This is not a homework problem. I know I'm calculating the exact value. I want a method to be able to approximate the exact value within 5% of the real answer. –  Matt Jul 2 '12 at 3:42
    
Are you familiar with Stirling's approximation for factorials? Applied to middle binomial coefficients, you get lots of cancellation, what's left can probably be well-approximated without a calculator. –  Gerry Myerson Jul 2 '12 at 3:53
    
Ahhh ok yes I think that might work let me go try! –  Matt Jul 2 '12 at 3:55

1 Answer 1

up vote 5 down vote accepted

To avoid a calculator, you certainly need Stirling's approximation for the factorials.

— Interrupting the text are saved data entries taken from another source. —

definition decode_fst :: "instr list" where
  "decode_fst = move 0 3 ;; decode_loop ;; move 1 0"

lemma decode_fst_halts: "\<exists>R'. halts_with decode_fst ((\<lambda>_. 0)(0 := x)) R' \<and> R' 0 = fst (prod_decode x)"
proof -
  define S0 :: "nat \<Rightarrow> nat" where "S0 = (\<lambda>_. 0)(0 := x)"
  define S1 where "S1 = S0(0 := 0, 3 := x)"
  define S2 where "S2 = S1(3 := 0, 1 := fst (prod_decode (0 + S1 3)), 2 := snd (prod_decode (0 + S1 3)))"
  have a: "halts_with (move 0 3) S0 S1" by (rule halts_with_eq[OF move_halts]) (auto simp: fun_eq_iff S0_def S1_def)
  have b: "halts_with decode_loop S1 S2" unfolding S2_def by (rule decode_loop_halts) (simp_all add: S1_def S0_def prod_decode_def prod_decode_aux.simps)
  have c: "halts_with (move 1 0) S2 (S2(1 := 0, 0 := S2 0 + S2 1))" by (rule move_halts) simp
  show ?thesis unfolding decode_fst_def S0_def[symmetric]
    by (rule exI, rule conjI, rule seq_halts[OF a seq_halts[OF b c]]) (simp add: S2_def S1_def)
qed

definition cm_fun :: "instr list \<Rightarrow> nat \<Rightarrow> nat option" where
  "cm_fun P x = (if \<exists>n. fst (exec P n (0, (\<lambda>_. 0)(0 := x))) \<ge> length P
     then Some (snd (exec P (LEAST n. fst (exec P n (0, (\<lambda>_. 0)(0 := x))) \<ge> length P) (0, (\<lambda>_. 0)(0 := x))) 0)
     else None)"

So $P=\binom {1000}{500}2^{-1000} \approx \frac {1000^{1000}\exp(-500)\exp(-500)}{500^{500}500^{500}\exp(-1000)}\frac {\sqrt{2\pi 1000}}{\sqrt{2\pi 500}\sqrt{2 \pi 500}}2^{-1000}=\frac 1{\sqrt{2 \pi 250}}\approx \frac 1{\sqrt{1550}} \approx \frac 1{40}=0.025$ Stirling's approximation is within a factor $\frac 1{12n}$, so the error is negligible. Using $\pi \approx 3.1$ is within 2%. The last we were within 4% under the square root sign, so the root is within 2%, which means the calculation is within 4%. In fact this is within 1% of your exact value.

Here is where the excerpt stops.